God may have given control of the earth to man, but He didn”t give us the wisdom to know when enough is enough. Capitalism’s constant process of satisfying more consumers has its benefits. Being able to talk with friends and family within a matter of seconds is invaluable. But there’s always a cost to doing business. “Smart” technology has become so embedded in everything, it almost seems impossible to disconnect our lives from cyberspace.
In the war to conquer nature, we may be getting ahead of ourselves by relying so heavily on technology. In his essay “The Joker in the Pack,” the English poet W.H. Auden wrote that “in our culture, we have all accepted the notion that the right to know is absolute and unlimited.” Unlike material goods, we somehow don”t think the pursuit of knowledge is stifled by the same law of diminishing marginal returns. This is highly liberal thinking. But perhaps man is not meant to absorb so much in such a limited period of time. Perhaps, as Auden put it, “the only knowledge which can be true for us is the knowledge we can live up to …”

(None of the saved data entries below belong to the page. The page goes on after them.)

(* If $\phi$ is a Young function and $f:\mathbb{R}^{N}\rightarrow [0,\infty ]$, then $\widehat{\phi(f)}=\phi(\hat{f})$.
   Context: A Young function is a nonconstant $\phi:[0,\infty]\to[0,\infty]$ with $\phi(0)=0$, nondecreasing, convex and left continuous. Enclosing balls: for nonempty bounded $X\subset\mathbb{R}^N$, $\overline{B}_X$ is the unique closed ball of minimal diameter containing $X$; $\overline{B}_X:=\mathbb{R}^N$ if $X$ unbounded; $\overline{B}_\emptyset:=\{0\}$. For $f:\mathbb{R}^N\to[-\infty,\infty]$ and $\xi\in[-\infty,\infty]$, $\rho^+_f(\xi)\in[0,\infty]$ is the radius of $\overline{B}_{\{f>\xi\}}$, $\gamma^+_f(t):=\inf\{\xi:\rho^+_f(\xi)\le t\}$ for $t\in[0,\infty)$, and $\hat f(x):=\gamma^+_f(|x|)$. *)

theory Defs
  imports "HOL-Analysis.Analysis" "HOL-Library.Extended_Nonnegative_Real"
begin

definition young_function :: "(ennreal \<Rightarrow> ennreal) \<Rightarrow> bool" where
  "young_function \<phi> \<longleftrightarrow>
     (\<exists>x y. \<phi> x \<noteq> \<phi> y) \<and>
     \<phi> 0 = 0 \<and>
     mono \<phi> \<and>
     (\<forall>x y (l::ennreal). l \<le> 1 \<longrightarrow> \<phi> (l * x + (1 - l) * y) \<le> l * \<phi> x + (1 - l) * \<phi> y) \<and>
     (\<forall>x. continuous (at_left x) \<phi>)"

definition enclosing_ball :: "'a::euclidean_space set \<Rightarrow> 'a set" where
  "enclosing_ball X =
     (if X = {} then {0}
      else if \<not> bounded X then UNIV
      else (THE B. (\<exists>c r. B = cball c r) \<and> X \<subseteq> B \<and>
                   (\<forall>c r. X \<subseteq> cball c r \<longrightarrow> diameter B \<le> diameter (cball c r))))"

definition ball_radius :: "'a::euclidean_space set \<Rightarrow> ereal" where
  "ball_radius B = (if B = UNIV then \<infinity> else ereal (diameter B / 2))"

definition rho_plus :: "('a::euclidean_space \<Rightarrow> ereal) \<Rightarrow> ereal \<Rightarrow> ereal" where
  "rho_plus f \<xi> = ball_radius (enclosing_ball {x. f x > \<xi>})"

definition gamma_plus :: "('a::euclidean_space \<Rightarrow> ereal) \<Rightarrow> real \<Rightarrow> ereal" where
  "gamma_plus f t = Inf {\<xi>. rho_plus f \<xi> \<le> ereal t}"

definition sym_hat :: "('a::euclidean_space \<Rightarrow> ereal) \<Rightarrow> 'a \<Rightarrow> ereal" where
  "sym_hat f x = gamma_plus f (norm x)"

end

theory Submission
  imports Defs
begin

text \<open>Put \<open>a(\<eta>) = sup {s. \<phi> s \<le> \<eta>}\<close>. As \<open>\<phi>\<close> is nondecreasing, left continuous and
  \<open>\<phi> 0 = 0\<close>, \<open>\<phi> s \<le> \<eta>\<close> holds exactly when \<open>s \<le> a(\<eta>)\<close>, so the superlevel set
  \<open>{\<phi> \<circ> f > \<eta>}\<close> is \<open>{f > a(\<eta>)}\<close>. On the other hand \<open>\<gamma>\<^sup>+(F)(t) \<le> \<xi>\<close> holds exactly when
  \<open>{F > \<xi>}\<close> fits into a closed ball of radius \<open>t\<close>: the infimum defining \<open>\<gamma>\<^sup>+\<close> is attained,
  because the sets of admissible centres for the levels above it form a chain of nonempty
  compact sets. Hence \<open>\<gamma>\<^sup>+(\<phi> \<circ> f)(t) \<le> \<eta>\<close> iff \<open>\<gamma>\<^sup>+(f)(t) \<le> a(\<eta>)\<close> iff \<open>\<phi>(\<gamma>\<^sup>+(f)(t)) \<le> \<eta>\<close>
  for every \<open>\<eta> \<ge> 0\<close>.\<close>

lemma norm_half_sum_sq:
  fixes u v :: "'a::real_inner"
  shows "norm ((1/2) *\<^sub>R (u + v))^2 = (norm u^2 + norm v^2) / 2 - norm (v - u)^2 / 4"
  by (simp add: power2_norm_eq_inner inner_add_left inner_add_right inner_diff_left
      inner_diff_right inner_commute field_simps)
(* a x y and b x y stand for the ratios F(x+1,y)/F(x,y) and F(x,y+1)/F(x,y) of the term F
   defined below, ratio_compat makes them consistent, and R is the WZ certificate: G = R F. *)
locale wz_pair =
  fixes F0 :: "nat \<Rightarrow> real" and a b R :: "real \<Rightarrow> real \<Rightarrow> real"
    and q :: real and K :: "real \<Rightarrow> real"
  assumes F0_Suc: "\<And>k. F0 (Suc k) = F0 k * b 0 (real k)"
    and summable_abs_F0: "summable (\<lambda>k. \<bar>F0 k\<bar>)"
    and F0_decay: "(\<lambda>k. (real k + 1) * F0 k) \<longlonglongrightarrow> 0"
    and wz_equation: "\<And>x y. 0 \<le> x \<Longrightarrow> 0 \<le> y \<Longrightarrow> 1 - a x y = R x y - b x y * R x (y + 1)"
    and ratio_compat:
      "\<And>x y. 0 \<le> x \<Longrightarrow> 0 \<le> y \<Longrightarrow> b x y * a x (y + 1) = a x y * b (x + 1) y"
    and abs_a_le: "\<And>x y. 0 \<le> x \<Longrightarrow> 0 \<le> y \<Longrightarrow> \<bar>a x y\<bar> \<le> q"
    and q_less_1: "q < 1"
    and abs_R_le: "\<And>x y. 0 \<le> x \<Longrightarrow> 0 \<le> y \<Longrightarrow> \<bar>R x y\<bar> \<le> K x * (y + 1)"
begin

definition F :: "nat \<Rightarrow> nat \<Rightarrow> real" where
  "F n k = F0 k * (\<Prod>i<n. a (real i) (real k))"

definition G :: "nat \<Rightarrow> nat \<Rightarrow> real" where
  "G n k = F n k * R (real n) (real k)"

lemma F_Suc_left: "F (Suc n) k = F n k * a (real n) (real k)"
  by (simp add: F_def)

lemma F_Suc_right: "F n (Suc k) = F n k * b (real n) (real k)"
proof (induction n)
  case 0
  show ?case by (simp add: F_def F0_Suc)
next
  case (Suc n)
  have "F (Suc n) (Suc k) = F n k * (b (real n) (real k) * a (real n) (real k + 1))"
    using Suc.IH by (simp add: F_Suc_left ac_simps)
  also have "b (real n) (real k) * a (real n) (real k + 1)
      = a (real n) (real k) * b (real n + 1) (real k)"
    by (rule ratio_compat) simp_all
  finally show ?case
    by (simp add: F_Suc_left ac_simps)
qed

lemma F_wz: "F n k - F (Suc n) k = G n k - G n (Suc k)"
proof -
  have "F n k - F (Suc n) k = F n k * (1 - a (real n) (real k))"
    by (simp add: F_Suc_left algebra_simps)
  also have "\<dots> = F n k * (R (real n) (real k) - b (real n) (real k) * R (real n) (real k + 1))"
    by (simp add: wz_equation)
  finally show ?thesis
    by (simp add: G_def F_Suc_right algebra_simps)
qed

lemma abs_F_le: "\<bar>F n k\<bar> \<le> q ^ n * \<bar>F0 k\<bar>"
proof (induction n)
  case (Suc n)
  have "\<bar>F (Suc n) k\<bar> = \<bar>F n k\<bar> * \<bar>a (real n) (real k)\<bar>"
    by (simp add: F_Suc_left abs_mult)
  also have "\<dots> \<le> q ^ n * \<bar>F0 k\<bar> * q"
    using Suc.IH abs_a_le by (intro mult_mono) simp_all
  finally show ?case
    by (simp add: algebra_simps)
qed (simp add: F_def)
(* Let $m\in[1,+\infty)$. There is a constant $C>1$ such that for all $p=(z,t)$, $q=(\zeta,\tau)\in\mathbb R^3$, $$C^{-1}\delta(p,q)\le d(p,q)\le C\,\delta(p,q),$$ where $$\delta((z,t),(\zeta,\tau))=|z-\zeta|+\min\Big\{|v|^{\frac1{2m+2}},\ \frac{|v|^{1/2}}{|z|^m}\Big\},\qquad v=\tau-t+|z|^{2m}\omega(z,\zeta),$$ with $\omega(z,\zeta)=x\eta-y\xi$ for $z=(x,y)$, $\zeta=(\xi,\eta)$, and with the convention $|v|^{1/2}/|z|^m=+\infty$ when $z=0$ and $v\neq 0$ (and $=0$ when $v=0$).
   Context: Write points of $\mathbb R^3=\mathbb C\times\mathbb R$ as $(z,t)=(x,y,t)$. For a real parameter $m\ge1$ consider the vector fields $X=\partial_x+|z|^{2m}y\,\partial_t$ and $Y=\partial_y-|z|^{2m}x\,\partial_t$. An absolutely continuous curve $\gamma:[0,1]\to\mathbb R^3$ is horizontal if $\dot\gamma(s)=\alpha(s)X(\gamma(s))+\beta(s)Y(\gamma(s))$ for a.e. $s$, with length $\int_0^1|(\alpha(s),\beta(s))|\,ds$; the Carnot–Carathéodory distance $d(p,q)$ is the infimum of lengths of horizontal curves joining $p$ to $q$. *)

theory Defs
  imports "HOL-Analysis.Analysis"
begin

text \<open>Points of R^3 = C x R are triples (x, y, t).\<close>

definition zabs :: "real \<Rightarrow> real \<Rightarrow> real" where
  "zabs x y = sqrt (x\<^sup>2 + y\<^sup>2)"

definition hfield :: "real \<Rightarrow> real \<Rightarrow> real \<Rightarrow> real \<times> real \<times> real \<Rightarrow> real \<times> real \<times> real" where
  "hfield m a b p = (case p of (x, y, t) \<Rightarrow>
      (a, b, (zabs x y) powr (2 * m) * (a * y - b * x)))"

text \<open>Horizontal curve on [0,1] with controls alpha, beta: alpha, beta are integrable
  on [0,1] and gamma is the indefinite integral of alpha X + beta Y along gamma
  (equivalently, gamma is absolutely continuous with the prescribed a.e. derivative).\<close>
definition horizontal ::
  "real \<Rightarrow> (real \<Rightarrow> real \<times> real \<times> real) \<Rightarrow> (real \<Rightarrow> real) \<Rightarrow> (real \<Rightarrow> real) \<Rightarrow> bool" where
  "horizontal m \<gamma> a b \<longleftrightarrow>
     a absolutely_integrable_on {0..1} \<and> b absolutely_integrable_on {0..1} \<and>
     (\<forall>s\<in>{0..1}. ((\<lambda>r. hfield m (a r) (b r) (\<gamma> r)) has_integral (\<gamma> s - \<gamma> 0)) {0..s})"

definition hlength :: "(real \<Rightarrow> real) \<Rightarrow> (real \<Rightarrow> real) \<Rightarrow> real" where
  "hlength a b = integral {0..1} (\<lambda>s. sqrt ((a s)\<^sup>2 + (b s)\<^sup>2))"

definition cc_dist :: "real \<Rightarrow> real \<times> real \<times> real \<Rightarrow> real \<times> real \<times> real \<Rightarrow> real" where
  "cc_dist m p q = Inf {hlength a b | \<gamma> a b. horizontal m \<gamma> a b \<and> \<gamma> 0 = p \<and> \<gamma> 1 = q}"

definition omega :: "real \<times> real \<Rightarrow> real \<times> real \<Rightarrow> real" where
  "omega z w = fst z * snd w - snd z * fst w"

text \<open>The quasi-distance delta; for z = 0 the second term of the min is +infinity
  (or 0 when v = 0, in which case the first term is 0 too).\<close>
definition delta :: "real \<Rightarrow> real \<times> real \<times> real \<Rightarrow> real \<times> real \<times> real \<Rightarrow> real" where
  "delta m p q = (case p of (x, y, t) \<Rightarrow> case q of (\<xi>, \<eta>, \<tau>) \<Rightarrow>
     (let v = \<tau> - t + (zabs x y) powr (2 * m) * omega (x, y) (\<xi>, \<eta>) in
      zabs (x - \<xi>) (y - \<eta>) +
      (if zabs x y = 0 then \<bar>v\<bar> powr (1 / (2 * m + 2))
       else min (\<bar>v\<bar> powr (1 / (2 * m + 2))) (sqrt \<bar>v\<bar> / (zabs x y) powr m))))"

end

theory Submission
  imports Defs
begin

(* Along a horizontal curve of length L from (z,t) to (\<zeta>,\<tau>) the planar part moves by at most L,
   and comparing the height integrand with the one frozen at z shows
   |v| \<le> (2m+1) (|z| + L)^(2m) L^2; both terms of delta are therefore O(L).
   Conversely, lift the planar segment from z to \<zeta> and then correct the remaining height defect u
   above \<zeta>: by a large circle, of length O(|u|^(1/(2m+2))), when |\<zeta>| is small, and otherwise by
   a thin annular sector at radius |\<zeta>|, of length O(|u|^(1/2) / |\<zeta>|^m). The lifted segment is
   itself a horizontal curve of length |z - \<zeta>|, so its height drift obeys the first estimate,
   which makes u comparable to v. *)

section \<open>Horizontal curves\<close>

lemma zabs_eq_norm: "zabs x y = norm (x, y)"
  by (simp add: zabs_def norm_Pair)

lemma hfield_eq: "hfield m a b (x, y, t) = (a, b, norm (x, y) powr (2 * m) * omega (a, b) (x, y))"
  by (simp add: hfield_def zabs_eq_norm omega_def)

lemma hfield_scaleR: "hfield m (c * a) (c * b) p = c *\<^sub>R hfield m a b p"
  by (cases p) (simp add: hfield_def algebra_simps)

That sounds blasphemous to the enlightened, postmodern, tech-savvy mind. If you listen to Silicon Valley CEOs, we”re moving inexorably to a point of hyperrationality. Yet, if you look around, all the technology with which we are blessed acts as a feedback loop that documents the most minute details of our day. Facebook is altering our conception of the news. Smartphones constantly track our movements. Our emotions and our everyday lives are being molded to someone else’s gain. How long this process can continue before fundamentally altering the human condition is anyone’s guess. My fear is that once we go full-on digital, there will be no going back. “Destroying geography“ sounds intriguing, but if intimacy and meaning are tied to specific places, technology may abolish them whole. The ability to become lost will disappear. And our sense of mystery and wonder will be the biggest casualty of all.